Em relação a medicamentos, Fonseca afirma que existem remédios específicos contra a doença no exterior. Como não há no Brasil, em geral os pacientes ingerem analgésicos e corticóides. "Tudo tem que ser feito com apoio médico. Se fizer uso exagerado de corticóide, pode piorar a doença", diz.
Não é uma DST
A integrante do Laboratório de Vírus do Instituto de Ciências Biológicas (ICB) da Universidade Federal de Minas Gerais (UFMG), Erna Geessien Kroon, informou que a monkeypox (como ela prefere se referir à doença) não é sexualmente transmissível. Segundo a cientista, na literatura, há relatos de famílias inteiras contaminadas com a doença, além de crianças.
"Cada vesícula (as lesões que se formam na pele) tem milhões e milhões de vírus. Em uma roupa de cama ela (a pessoa infectada) vai deixar muitas partículas. A pessoa que vai lavar, de forma inadequada, ou que vai varrer o chão, podem se contaminar", exemplifica a cientista. Há ainda a possibilidade de contrair a doença por meio do trato respiratório, entre outras maneiras.

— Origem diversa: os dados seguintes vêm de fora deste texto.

(* Let $c\ge 5$ and $g\ge 2$. The free-nilpotent complex Lie algebra $N(c,g)$ does not admit a periodic prederivation.
   Context: $N(c,g)$ denotes the free-nilpotent complex Lie algebra of nilpotency class $c$ on $g$ generators. A linear map $P:\mathfrak{g}\to\mathfrak{g}$ is a prederivation if $P([x,[y,z]])=[P(x),[y,z]]+[x,[P(y),z]]+[x,[y,P(z)]]$ for all $x,y,z\in\mathfrak{g}$; it is periodic if $P^m=\mathrm{id}$ for some integer $m\ge 1$. *)

theory Defs
  imports Complex_Main "HOL-Library.Function_Algebras"
begin

text \<open>
  Let A be the free associative complex algebra on the letters 0,...,g-1
  (non-commutative polynomials; an element is a coefficient function on words,
  i.e. on lists of letters).  Its quotient by the ideal spanned by words of
  length > c is the truncated algebra; its product is concatenation of words,
  discarding words of length > c.  With the commutator bracket it is a Lie
  algebra, and N(c,g) is (isomorphic to) the Lie subalgebra generated by the
  g letters (free Lie algebra modulo its terms of degree > c).
\<close>

type_synonym tword = "nat list \<Rightarrow> complex"

definition tmul :: "nat \<Rightarrow> tword \<Rightarrow> tword \<Rightarrow> tword" where
  "tmul c f h = (\<lambda>w. if length w \<le> c
      then (\<Sum>i\<le>length w. f (take i w) * h (drop i w)) else 0)"

definition lie_br :: "nat \<Rightarrow> tword \<Rightarrow> tword \<Rightarrow> tword" where
  "lie_br c f h = tmul c f h - tmul c h f"
lemma summable_kummer:
  assumes "\<bar>a\<bar> \<le> b"
  shows "summable (\<lambda>k. kummer_coeff a b k * s ^ k)"
proof (rule summable_comparison_test'[OF summable_exp[of "\<bar>s\<bar>"]])
  show "norm (kummer_coeff a b k * s ^ k) \<le> inverse (fact k) * \<bar>s\<bar> ^ k" for k
    using abs_kummer_coeff_le[OF assms, of k]
    by (simp add: abs_mult power_abs mult_right_mono)
qed

text \<open>No hypothesis on b: for b = 0 both sides vanish because x / 0 = 0.\<close>

lemma diffs_kummer_coeff: "diffs (kummer_coeff a b) k = a / b * kummer_coeff (a + 1) (b + 1) k"
  by (simp add: diffs_def kummer_coeff_def pochhammer_rec field_simps del: of_nat_Suc)

lemma kummer_coeff_Suc:
  assumes "b > 0"
  shows "(real k + 1) * (b + real k) * kummer_coeff a b (Suc k) = (a + real k) * kummer_coeff a b k"
proof -
  have "(real k + 1) * (b + real k) \<noteq> 0"
    using assms by (simp add: add_pos_nonneg)
  moreover have "kummer_coeff a b (Suc k) = (a + real k) * kummer_coeff a b k / ((real k + 1) * (b + real k))"
    by (simp add: kummer_coeff_def pochhammer_rec' ac_simps)
  ultimately show ?thesis
    by simp
qed

lemma kummerM_has_real_derivative:
  assumes "\<bar>a\<bar> \<le> b"
  shows "(kummerM a b has_real_derivative deriv (kummerM a b) s) (at s)"
proof -
  have "kummerM a b = (\<lambda>x. \<Sum>k. kummer_coeff a b k * x ^ k)"
    by (intro ext kummerM_eq_suminf)
  then show ?thesis
    using termdiffs_strong_converges_everywhere[OF summable_kummer[OF assms]]
    by (metis DERIV_imp_deriv)
qed

lemma deriv_kummerM:
  assumes "\<bar>a\<bar> \<le> b"
  shows "deriv (kummerM a b) s = a / b * kummerM (a + 1) (b + 1) s"
proof -
  have "\<bar>a + 1\<bar> \<le> b + 1"
    using assms by linarith
  then have "(\<lambda>k. a / b * (kummer_coeff (a + 1) (b + 1) k * s ^ k)) sums (a / b * kummerM (a + 1) (b + 1) s)"
    unfolding kummerM_eq_suminf by (intro sums_mult summable_sums summable_kummer)
  moreover have "kummerM a b = (\<lambda>x. \<Sum>k. kummer_coeff a b k * x ^ k)"
    by (intro ext kummerM_eq_suminf)
  ultimately show ?thesis
    using deriv_power_series[OF summable_kummer[OF assms]]
    by (simp add: diffs_kummer_coeff sums_iff mult.assoc)
qed

lemma deriv_kummerM_has_real_derivative:
  assumes "\<bar>a\<bar> \<le> b"
  shows "(deriv (kummerM a b) has_real_derivative deriv (deriv (kummerM a b)) s) (at s)"
    and "deriv (deriv (kummerM a b)) s = a / b * deriv (kummerM (a + 1) (b + 1)) s"
proof -
  have "\<bar>a + 1\<bar> \<le> b + 1"
    using assms by linarith
  then have "((\<lambda>s. a / b * kummerM (a + 1) (b + 1) s) has_real_derivative
      a / b * deriv (kummerM (a + 1) (b + 1)) s) (at s)"
    by (intro DERIV_cmult kummerM_has_real_derivative)
  moreover have "deriv (kummerM a b) = (\<lambda>s. a / b * kummerM (a + 1) (b + 1) s)"
    using deriv_kummerM[OF assms] by (rule ext)
  ultimately show "(deriv (kummerM a b) has_real_derivative deriv (deriv (kummerM a b)) s) (at s)"
    and "deriv (deriv (kummerM a b)) s = a / b * deriv (kummerM (a + 1) (b + 1)) s"
    by (simp_all add: DERIV_imp_deriv)
qed

lemma isCont_deriv_deriv_kummerM:
  assumes "\<bar>a\<bar> \<le> b"
  shows "isCont (deriv (deriv (kummerM a b))) s"
proof -
  have "\<bar>a + 1\<bar> \<le> b + 1"
    using assms by linarith
  then have "isCont (deriv (kummerM (a + 1) (b + 1))) s"
    by (rule DERIV_isCont[OF deriv_kummerM_has_real_derivative(1)])
  then have "isCont (\<lambda>s. a / b * deriv (kummerM (a + 1) (b + 1)) s) s"
    by (intro continuous_mult continuous_const)
  moreover have "deriv (deriv (kummerM a b)) = (\<lambda>s. a / b * deriv (kummerM (a + 1) (b + 1)) s)"
    using assms by (intro ext deriv_kummerM_has_real_derivative(2))
  ultimately show ?thesis
    by (simp only:)
qed
definition fin_dim_vs :: "('f::field \<Rightarrow> 'v::ab_group_add \<Rightarrow> 'v) \<Rightarrow> bool" where
  "fin_dim_vs s \<longleftrightarrow> (\<exists>Bs. finite_dimensional_vector_space s Bs)"

definition direct_sum_of ::
  "('f::field \<Rightarrow> 'v::ab_group_add \<Rightarrow> 'v) \<Rightarrow> 'v set \<Rightarrow> nat set \<Rightarrow> (nat \<Rightarrow> 'v set) \<Rightarrow> bool" where
  "direct_sum_of s V I W \<longleftrightarrow>
     (\<forall>i\<in>I. module.subspace s (W i) \<and> W i \<subseteq> V) \<and>
     (\<forall>v\<in>V. \<exists>!w. (\<forall>i. (i \<in> I \<longrightarrow> w i \<in> W i) \<and> (i \<notin> I \<longrightarrow> w i = 0)) \<and> v = sum w I)"

definition proj :: "nat set \<Rightarrow> (nat \<Rightarrow> 'v::ab_group_add set) \<Rightarrow> nat \<Rightarrow> 'v \<Rightarrow> 'v" where
  "proj I X i x = (THE w. (\<forall>j. (j \<in> I \<longrightarrow> w j \<in> X j) \<and> (j \<notin> I \<longrightarrow> w j = 0)) \<and> x = sum w I) i"

fun traj :: "('x::ab_group_add \<Rightarrow> 'x) \<Rightarrow> ('u \<Rightarrow> 'x) \<Rightarrow> 'x \<Rightarrow> (nat \<Rightarrow> 'u) \<Rightarrow> nat \<Rightarrow> 'x" where
  "traj A B x0 u 0 = x0"
| "traj A B x0 u (Suc t) = A (traj A B x0 u t) + B (u t)"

"É importante que as pessoas, ao perceberem manifestações, como dor de cabeça e mal estar, seguidas de manchas, poucas ou muitas, procurem um clínico", adverte. É preciso manter o isolamento, inclusive dos animais de estimação.
O que diz a OMS
A Organização Mundial da Saúde (OMS) ativou seu nível mais alto de alerta neste sábado (23) para tentar conter o surto de varíola do macaco, que afetou quase 17.000 pessoas em 74 países, anunciou seu diretor-geral Tedros Adhanom Ghebreyesus. "Decidi declarar uma emergência de saúde pública de alcance internacional", disse Tedros em entrevista coletiva, afirmando que o risco no mundo é relativamente moderado, exceto na Europa, onde é alto.
Para a OMS, emergência de saúde pública é um "evento extraordinário que constitui um risco à saúde pública para outros Estados por meio da disseminação internacional de doenças e potencialmente exige uma resposta internacional coordenada".
Nessa situação, a organização recomenda que autoridades de saúde do mundo inteiro reforcem seu monitoramento da doença e fiquem preparados para eventualmente adotar medidas de contenção.
Quais são os sintomas da varíola dos macacos?
Os primeiros sintomas da varíola dos macacos são febre, dor de cabeça, dores musculares e nas costas, linfonodos inchados, calafrios e exaustão. A doença se desenvolve com lesões na pele, primeiramente no rosto. As lesões também podem se espalhar para outras partes do corpo, incluindo os genitais. As lesões na pele parecem as da catapora ou da sífilis até formarem uma crosta, que depois cai. Os sintomas podem ser leves ou graves, e as lesões na pele podem ser pruriginosas ou dolorosas.
Como a doença é transmitida?
A transmissão ocorre por contato próximo com lesões, fluidos corporais, gotículas respiratórias e materiais contaminados, como roupas de cama. A transmissão de humano para humano ocorre entre pessoas com contato físico próximo com casos sintomáticos. O contato próximo com pessoas infectadas ou materiais contaminados deve ser evitado. Luvas e outras roupas e equipamentos de proteção individual devem ser usados ao cuidar dos doentes, seja em uma unidade de saúde ou em casa.